“Karena ada dua masalah besar perumahan dan pangan, maka pemerintah harus fokus untuk mengatasinya,” ujarnya.
Berdasarkan perhitungan persentil dalam data Susenas, garis hidup layak berdasarkan riset ini sebesar Rp842.046 yang setara dengan 51,8% masyarakat yamg hidup tidak layak atau jauh lebih tinggi dari garis kemiskinan BPS sebesar Rp425.250 per Maret 2019.
“[Garis hidup layak] jangan dianggap jadi ukuran [standar] karena kalau jumlah penduduk tidak layak semakin kecil, maka angkanya juga semakin kecil,” katanya.
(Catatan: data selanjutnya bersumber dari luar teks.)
(* Suppose a unitary $C$ is written in the form $$C=H_{\mathbf a}P_{\mathbf d}Z_{\mathbf D}\,\mathbf H\,e^{\mathrm{i}\phi}X_{\mathbf u}Z_{\mathbf v}P_{\mathbf b}Z_{\mathbf B}X_{\mathbf A}$$ with $\mathbf a,\mathbf d,\mathbf u,\mathbf v,\mathbf b\in\mathbb F_2^n$, $\mathbf D,\mathbf B\in\mathcal B_n$, $\mathbf A\in GL_n(\mathbb F_2)$ and $\phi\in\{k\pi/4:k\in\mathbb Z\}$. Then for every $i\in\{0,\dots,n-1\}$, the product $P_iC$ can also be written in this form (with possibly different data of the same types).
   Context: Qubits are labelled $0,\dots,n-1$; computational basis $\{|x\rangle:x\in\mathbb F_2^n\}$; $\mathrm{i}=\sqrt{-1}$. One-qubit gates $\mathtt H=\frac1{\sqrt2}\begin{pmatrix}1&1\\1&-1\end{pmatrix}$, $\mathtt P=\mathrm{diag}(1,\mathrm{i})$, $\mathtt Z=\mathrm{diag}(1,-1)$, $\mathtt X=\begin{pmatrix}0&1\\1&0\end{pmatrix}$; $U_i$ denotes the gate $\mathtt U$ acting on qubit $i$, and $U_{\mathbf a}=\prod_iU_i^{a_i}$ for $\mathbf a\in\mathbb F_2^n$. $\mathbf H=\prod_{i=0}^{n-1}H_i$. For $\mathbf A\in GL_n(\mathbb F_2)$, $X_{\mathbf A}|x\rangle=|\mathbf Ax\rangle$. $\mathcal B_n$ is the set of symmetric $n\times n$ matrices over $\mathbb F_2$ with zero diagonal, and for $\mathbf B\in\mathcal B_n$, $Z_{\mathbf B}|x\rangle=(-1)^{\sum_{i<j}b_{ij}x_ix_j}|x\rangle$. *)

theory Defs
  imports Complex_Main "HOL-Library.Z2"
begin

text \<open>Vectors in F_2^n are functions nat => bit (entries at index >= n are zero);
  an operator on the n-qubit space is given by its matrix entries
  M x y = <x|M|y>, indexed by computational basis vectors x, y in F_2^n.\<close>

type_synonym bvec = "nat \<Rightarrow> bit"
type_synonym qop = "bvec \<Rightarrow> bvec \<Rightarrow> complex"

definition bvecs :: "nat \<Rightarrow> bvec set" where
  "bvecs n = {x. \<forall>i\<ge>n. x i = 0}"

definition mmult :: "nat \<Rightarrow> qop \<Rightarrow> qop \<Rightarrow> qop" where
  "mmult n M N = (\<lambda>x y. \<Sum>z\<in>bvecs n. M x z * N z y)"

definition mid :: qop where
  "mid = (\<lambda>x y. if x = y then 1 else 0)"

definition smult_op :: "complex \<Rightarrow> qop \<Rightarrow> qop" where
  "smult_op c M = (\<lambda>x y. c * M x y)"

definition op_eq :: "nat \<Rightarrow> qop \<Rightarrow> qop \<Rightarrow> bool" where
  "op_eq n M N \<longleftrightarrow> (\<forall>x\<in>bvecs n. \<forall>y\<in>bvecs n. M x y = N x y)"

definition Hg :: "bit \<Rightarrow> bit \<Rightarrow> complex" where
  "Hg a b = (if a = 1 \<and> b = 1 then -1 else 1) / complex_of_real (sqrt 2)"
definition Pg :: "bit \<Rightarrow> bit \<Rightarrow> complex" where
  "Pg a b = (if a \<noteq> b then 0 else if a = 1 then \<i> else 1)"
definition Zg :: "bit \<Rightarrow> bit \<Rightarrow> complex" where
  "Zg a b = (if a \<noteq> b then 0 else if a = 1 then -1 else 1)"
definition Xg :: "bit \<Rightarrow> bit \<Rightarrow> complex" where
  "Xg a b = (if a \<noteq> b then 1 else 0)"

definition gate1 :: "nat \<Rightarrow> (bit \<Rightarrow> bit \<Rightarrow> complex) \<Rightarrow> qop" where
  "gate1 i U = (\<lambda>x y. if (\<forall>j. j \<noteq> i \<longrightarrow> x j = y j) then U (x i) (y i) else 0)"

definition gates :: "nat \<Rightarrow> (bit \<Rightarrow> bit \<Rightarrow> complex) \<Rightarrow> bvec \<Rightarrow> qop" where
  "gates n U a = foldr (\<lambda>i M. mmult n (if a i = 1 then gate1 i U else mid) M) [0..<n] mid"

definition allH :: "nat \<Rightarrow> qop" where
  "allH n = foldr (\<lambda>i M. mmult n (gate1 i Hg) M) [0..<n] mid"

type_synonym bmat = "nat \<Rightarrow> nat \<Rightarrow> bit"

definition matvec :: "nat \<Rightarrow> bmat \<Rightarrow> bvec \<Rightarrow> bvec" where
  "matvec n A x = (\<lambda>i. if i < n then (\<Sum>j<n. A i j * x j) else 0)"

definition GL2 :: "nat \<Rightarrow> bmat \<Rightarrow> bool" where
  "GL2 n A \<longleftrightarrow> (\<exists>A'.
     (\<forall>i<n. \<forall>k<n. (\<Sum>j<n. A i j * A' j k) = (if i = k then 1 else 0)) \<and>
     (\<forall>i<n. \<forall>k<n. (\<Sum>j<n. A' i j * A j k) = (if i = k then 1 else 0)))"

definition symB :: "nat \<Rightarrow> bmat \<Rightarrow> bool" where
  "symB n B \<longleftrightarrow> (\<forall>i<n. \<forall>j<n. B i j = B j i) \<and> (\<forall>i<n. B i i = 0)"

definition XA :: "nat \<Rightarrow> bmat \<Rightarrow> qop" where
  "XA n A = (\<lambda>x y. if x = matvec n A y then 1 else 0)"

definition ZB :: "nat \<Rightarrow> bmat \<Rightarrow> qop" where
  "ZB n B = (\<lambda>x y. if x = y then
      (if (\<Sum>j<n. \<Sum>i<j. B i j * x i * x j) = 1 then -1 else 1) else 0)"

definition normal_form_op ::
  "nat \<Rightarrow> bvec \<Rightarrow> bvec \<Rightarrow> bmat \<Rightarrow> int \<Rightarrow> bvec \<Rightarrow> bvec \<Rightarrow> bvec \<Rightarrow> bmat \<Rightarrow> bmat \<Rightarrow> qop" where
  "normal_form_op n a d D k u v b B A =
     mmult n (gates n Hg a) (mmult n (gates n Pg d) (mmult n (ZB n D) (mmult n (allH n)
       (mmult n (smult_op (cis (of_int k * pi / 4)) (gates n Xg u))
         (mmult n (gates n Zg v) (mmult n (gates n Pg b) (mmult n (ZB n B) (XA n A))))))))"

definition in_normal_form :: "nat \<Rightarrow> qop \<Rightarrow> bool" where
  "in_normal_form n C \<longleftrightarrow> (\<exists>a d D k u v b B A.
     a \<in> bvecs n \<and> d \<in> bvecs n \<and> u \<in> bvecs n \<and> v \<in> bvecs n \<and> b \<in> bvecs n \<and>
     symB n D \<and> symB n B \<and> GL2 n A \<and>
     op_eq n C (normal_form_op n a d D k u v b B A))"

end

(*
  Entrywise the normal form reads
    <x|C|y> = e^(i k pi/4) rho(A y) <x| H_a P_d Z_D H |A y + u>,
  where rho is the phase function of the diagonal part Z_v P_b Z_B.  Multiplying by P_i on the
  left multiplies this entry by i^(x_i).  If a_i = 0, qubit i passes through H_a unchanged and
  P_i merges into P_d; when d_i = 1 already, P_i^2 = Z_i becomes X_i after crossing H and is
  absorbed into u.  If a_i = 1, summing out qubit i of the middle Hadamard layer and using a
  one-qubit Clifford identity eliminates P_i (together with the H and P on qubit i when d_i = 1),
  at the cost of a phase depending on t = A y + u only through t_i, and a phase
  i^l (-1)^((d_i + t_i) l) with l = sum_m D_im z_m linear in the remaining summation variables.
  The latter is absorbed by adding the row N of D to d, N N^T to D, and shifting t along N.  On
  the input side that shift is the transvection w |-> w + w_i N, which replaces A by
  (I + N e_i^T) A; composing rho with it and multiplying by the t_i-dependent phase again gives
  a phase function of the same kind, up to a power of e^(i pi/4) that goes into k.
*)

theory Submission
  imports Defs "HOL-Library.Function_Algebras"
begin

(* HOL-Library.Z2 rewrites + and * on bits to XOR and AND by default, which defeats ring reasoning. *)
declare add_bit_eq_xor [simp del] mult_bit_eq_and [simp del]

section \<open>Phases indexed by bits\<close>

definition sgn_bit :: "bit \<Rightarrow> complex" where
  "sgn_bit c = (if c = 1 then -1 else 1)"

definition i_pow_bit :: "bit \<Rightarrow> complex" where
  "i_pow_bit c = (if c = 1 then \<i> else 1)"

lemma sgn_bit_simps [simp]: "sgn_bit 0 = 1" "sgn_bit 1 = -1"
  by (simp_all add: sgn_bit_def)

lemma i_pow_bit_simps [simp]: "i_pow_bit 0 = 1" "i_pow_bit 1 = \<i>"
  by (simp_all add: i_pow_bit_def)

lemma bit_mult_self [simp]: "(c::bit) * c = c"
  by (cases c) simp_all

lemma sgn_bit_add: "sgn_bit (a + b) = sgn_bit a * sgn_bit b"
  by (cases a; cases b) simp_all

lemma sgn_bit_square: "sgn_bit a * sgn_bit a = 1"
  by (cases a) simp_all

lemma i_pow_bit_add: "i_pow_bit (a + b) = i_pow_bit a * i_pow_bit b * sgn_bit (a * b)"
  by (cases a; cases b) simp_all

lemma i_pow_bit_mult_add_left:
  "i_pow_bit ((a + a') * c) = i_pow_bit (a * c) * i_pow_bit (a' * c) * sgn_bit (a * a' * c)"
  by (cases a; cases a'; cases c) simp_all

lemma i_pow_bit_mult_add_right:
  "i_pow_bit (a * (c + c')) = i_pow_bit (a * c) * i_pow_bit (a * c') * sgn_bit (a * c * c')"
  by (cases a; cases c; cases c') simp_all

lemma sgn_bit_mult_add_left: "sgn_bit ((a + a') * c) = sgn_bit (a * c) * sgn_bit (a' * c)"
  by (simp add: distrib_right sgn_bit_add)

lemma sgn_bit_sum: "finite A \<Longrightarrow> sgn_bit (\<Sum>j\<in>A. f j) = (\<Prod>j\<in>A. sgn_bit (f j))"
  by (induction A rule: finite_induct) (simp_all add: sgn_bit_add)

lemma i_pow_bit_sum:
  "i_pow_bit (\<Sum>k<(m::nat). x k) = (\<Prod>k<m. i_pow_bit (x k)) * sgn_bit (\<Sum>k<m. \<Sum>j<k. x j * x k)"
proof (induction m)
  case (Suc m)
  have "sgn_bit ((\<Sum>j<m. x j) * x m) = sgn_bit (\<Sum>j<m. x j * x m)"
    by (simp add: sum_distrib_right)
  with Suc show ?case by (simp add: i_pow_bit_add sgn_bit_add algebra_simps)
qed simp

lemma sum_UNIV_bit: "(\<Sum>c\<in>UNIV. f c) = f 0 + f (1::bit)"
proof -
  have UNIV_bit: "(UNIV::bit set) = {0, 1}" by (auto intro: bit.exhaust)
  show ?thesis unfolding UNIV_bit by simp
qed

section \<open>Vectors over \<open>F\<^sub>2\<close>\<close>

lemma bvecs_eq_iff: "x \<in> bvecs n \<Longrightarrow> y \<in> bvecs n \<Longrightarrow> x = y \<longleftrightarrow> (\<forall>j<n. x j = y j)"
  unfolding bvecs_def by (auto simp: fun_eq_iff) (metis not_le)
Islam berpendapat, keunggulan metode ini adalah hak dasar tidak bisa ditawar lagi, sedangkan kalau dasarnya kebutuhan dasar dapat berbeda bagi tiap orang.
Direktur Eksekutif Megawati Institute, Arif Budimanta, menambahkan bahwa konsep garis kemiskinan yang dikeluarkan oleh Badan Pusat Statistik (BPS) belum cukup untuk menggambarkan kondisi hidup layak masyarakat Indonesia.
Selama ini, BPS menggunakan kebutuhan dasar untuk hidup (basic needs) dalam perhitungannya. “Basic needs ketidakmampuan orang memenuhi kebutuhan makanan dan nonmakanan. Basic rights melihatnya ada 6 akses sesuai amanat konstitusi [UUD 1945],” ungkapnya.